United States Court of Appeals FOR THE EIGHTH CIRCUIT


August 31, 2010

UNITED STATES OF AMERICA, APPELLEE,
v.
SAMUEL ACOSTA, APPELLANT.

Appeal from the United States District Court for the Southern District of Iowa.

The opinion of the court was delivered by: Smith, Circuit Judge

Submitted: May 13, 2010

Before WOLLMAN, SMITH, and COLLOTON, Circuit Judges.

Samuel Acosta was indicted for receipt and possession of child pornography, in violation of 18 U.S.C. §§ 2252(a)(2) and (a)(4)(B). Following a bench trial, the district court*fn1 issued findings of fact and an adjudication order, finding Acosta guilty on both counts. The court then sentenced Acosta to 240 months' imprisonment and 10 years of supervised release. The district court applied six Guidelines enhancements to achieve the 240 month sentence: (1) a two-level enhancement for the material involving a prepubescent minor, under 12 years of age, pursuant to U.S.S.G. § 2G2.2(b)(2); (2) a two-level enhancement for the specific offense characteristic of distribution of child pornography, pursuant to § 2G2.2(b)(3)(F); (3) a four-level enhancement for the specific offense characteristic of having images depicting sadistic, masochistic, or other violent conduct, pursuant to § 2G2.2(b)(4); (4) a five-level enhancement for the specific offense characteristic of Acosta engaging in a pattern of sexual abuse or exploitation of a minor, pursuant to § 2G2.2(b)(5); (5) a two-level enhancement for the use of a computer for possessing, transmitting, receiving, or distributing the material, pursuant to § 2G2.2(b)(6); and (6) a five-level enhancement for the specific offense characteristic of having more than 600 images, pursuant to § 2G2.2(b)(7)(D).
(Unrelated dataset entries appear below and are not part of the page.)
text \<open>Write \<open>G(s) = \<integral> t/(1+st) d\<nu>\<close>, \<open>H(s) = \<integral> t/(1+st) d\<nu>\<^sub>t\<close> and let \<open>P\<close>, \<open>Q\<close> be the
cross moments \<open>\<integral> t/(1+\<delta>\<^sub>1\<^sup>~t) \<cdot> t/(1+\<delta>\<^sub>2\<^sup>~t)\<close> under \<open>\<nu>\<close> and \<open>\<integral> t/(1+\<delta>\<^sub>1t) \<cdot> t/(1+\<delta>\<^sub>2t)\<close> under
\<open>\<nu>\<^sub>t\<close>. The fixed-point equations read \<open>x\<^sub>i\<delta>\<^sub>i = -c G(\<delta>\<^sub>i\<^sup>~)\<close> and \<open>x\<^sub>i\<delta>\<^sub>i\<^sup>~ = -H(\<delta>\<^sub>i)\<close>, and the
resolvent identities \<open>G(\<delta>\<^sub>1\<^sup>~) - G(\<delta>\<^sub>2\<^sup>~) = (\<delta>\<^sub>2\<^sup>~ - \<delta>\<^sub>1\<^sup>~) P\<close>, \<open>H(\<delta>\<^sub>1) - H(\<delta>\<^sub>2) = (\<delta>\<^sub>2 - \<delta>\<^sub>1) Q\<close> turn
the difference of the two solutions into
  \<open>(x\<^sub>1x\<^sub>2 - cPQ)(\<delta>\<^sub>2\<^sup>~ - \<delta>\<^sub>1\<^sup>~) = (x\<^sub>2 - x\<^sub>1)(H(\<delta>\<^sub>1) - \<delta>\<^sub>2 Q)\<close>.
By Cauchy--Schwarz and the two stability conditions \<open>cPQ < x\<^sub>1x\<^sub>2\<close>. Since the whole segment
between \<open>\<delta>\<^sub>1\<close> and \<open>\<delta>\<^sub>2\<close> lies in \<open>\<D>\<close>, the factors \<open>1 + \<delta>\<^sub>1t\<close> and \<open>1 + \<delta>\<^sub>2t\<close> have the same sign
on the support of \<open>\<nu>\<^sub>t\<close>, so \<open>H(\<delta>\<^sub>1) - \<delta>\<^sub>2 Q = \<integral> t/((1+\<delta>\<^sub>1t)(1+\<delta>\<^sub>2t)) d\<nu>\<^sub>t > 0\<close> as \<open>\<nu>\<^sub>t \<noteq> \<delta>\<^sub>0\<close>.\<close>

definition resolvent_mean :: "real measure \<Rightarrow> real \<Rightarrow> real" where
  "resolvent_mean M s = (LINT t|M. t / (1 + s * t))"

definition resolvent_cross :: "real measure \<Rightarrow> real \<Rightarrow> real \<Rightarrow> real" where
  "resolvent_cross M s s' = (LINT t|M. t / (1 + s * t) * (t / (1 + s' * t)))"

lemma AE_in_msupp:
  assumes sets_M: "sets M = sets (borel :: real measure)"
  shows "AE t in M. t \<in> msupp M"
proof -
  define I where "I = {(a, b). a \<in> \<rat> \<and> b \<in> \<rat> \<and> emeasure M {a<..<b::real} = 0}"
  have "countable I"
    by (rule countable_subset[of _ "\<rat> \<times> \<rat>"]) (auto simp: I_def intro!: countable_SIGMA countable_rat)
  then have null: "(\<Union>p\<in>I. {fst p<..<snd p}) \<in> null_sets M"
    by (rule null_sets_UN') (auto simp: I_def null_sets_def sets_M)
  show ?thesis
  proof (rule AE_I'[OF null], safe)
    fix p assume "p \<notin> msupp M"
    then obtain U where U: "open U" "p \<in> U" "emeasure M U = 0"
      by (auto simp: msupp_def)
    then obtain e where e: "e > 0" "ball p e \<subseteq> U" by (meson open_contains_ball)
    obtain a where a: "a \<in> \<rat>" "p - e < a" "a < p" using Rats_dense_in_real[of "p - e" p] e by auto
    obtain b where b: "b \<in> \<rat>" "p < b" "b < p + e" using Rats_dense_in_real[of p "p + e"] e by auto
    have "{a<..<b} \<subseteq> U"
      using e a b by (auto simp: dist_real_def subset_iff)
    then have "emeasure M {a<..<b} \<le> emeasure M U"
      by (rule emeasure_mono) (use U sets_M in auto)
    then have "(a, b) \<in> I" using a b U by (auto simp: I_def)
    then show "p \<in> (\<Union>p\<in>I. {fst p<..<snd p})" using a b by force
  qed
qed

lemma AE_nonneg_in_msupp:
  assumes "prob_on_Rplus M"
  shows "AE t in M. 0 \<le> t \<and> t \<in> msupp M"
proof -
  interpret prob_space M using assms by (simp add: prob_on_Rplus_def)
  have sets_M: "sets M = sets borel" using assms by (simp add: prob_on_Rplus_def)
  have "AE t in M. t \<in> {0::real..}"
    using assms by (subst AE_in_set_eq_1) (auto simp: prob_on_Rplus_def sets_M emeasure_eq_measure)
  then show ?thesis using AE_in_msupp[OF sets_M] by eventually_elim auto
qed

lemma msupp_bounded_away:
  assumes "p \<notin> msupp M"
  obtains r where "r > 0" "\<And>t. t \<in> msupp M \<Longrightarrow> r \<le> \<bar>t - p\<bar>"
proof -
  obtain U where U: "open U" "p \<in> U" "emeasure M U = 0"
    using assms by (auto simp: msupp_def)
  then obtain r where r: "r > 0" "ball p r \<subseteq> U" by (meson open_contains_ball)
  have "r \<le> \<bar>t - p\<bar>" if "t \<in> msupp M" for t
  proof (rule ccontr)
    assume "\<not> r \<le> \<bar>t - p\<bar>"
    then have "t \<in> U" using r by (auto simp: dist_real_def)
    then show False using that U by (auto simp: msupp_def)
  qed
  with r that show ?thesis by blast
qed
On appeal, Acosta argues that (1) there was insufficient evidence to support his convictions; (2) the district court erred in imposing five of the sentencing enhancements; and (3) the district court erred in denying his request for a downward variance. We reject Acosta's arguments and affirm the district court.

I. Background

Agent Wade Luders of the Federal Bureau of Investigation (FBI) discovered Acosta's illegal activities during an investigation of the Ranchi child pornography message board. This internet message board allows people to "post messages, text files, video images" and other materials. One cannot find the website using conventional internet search engines. It can only be accessed by going through other child pornography message boards to which it is linked. The message board appears entirely in English. In October 2006, Luders posted what appeared to be hard-core child pornography of a four-year-old on the Ranchi message board. He collected the internet protocol addresses of persons who tried to access his posting and traced one of those addresses back to a computer at Acosta's residence. Acosta's computer accessed Luder's posting six times between 10:10 p.m. and 10:42 p.m. CST on October 25, 2006.*fn2

Special Agent David Larsen led the FBI's search of Acosta's home in Des Moines, Iowa, on February 26, 2007, pursuant to a warrant. Oscar Lopez Ramirez, who speaks English poorly, answered the door. When the FBI team entered the residence, they discovered six Hispanic male tenants without identification. Two of the tenants spoke broken English-the rest were unable to communicate in English with law enforcement. The two-story house had three bedrooms upstairs, two of which-Acosta's and Ramirez's-were locked. Law enforcement found no materials related to child pornography in the tenants' rooms. One of the police officers assisting with the search used a credit card to open Acosta's locked bedroom door. Inside the room, officers found the only computer in the residence, which contained two hard drives. They also found hundreds of writable CDs. The agents discovered a newspaper article on child pornography-written in English-in a folder lying in the room and two padlocked storage cabinets against the wall. None of Acosta's tenants had the keys to the storage cabinets, and a search of the residence failed to locate them. Unable to open the cabinets, the agents contacted Acosta at work, and he agreed to return home to unlock the cabinets and answer the agents' questions.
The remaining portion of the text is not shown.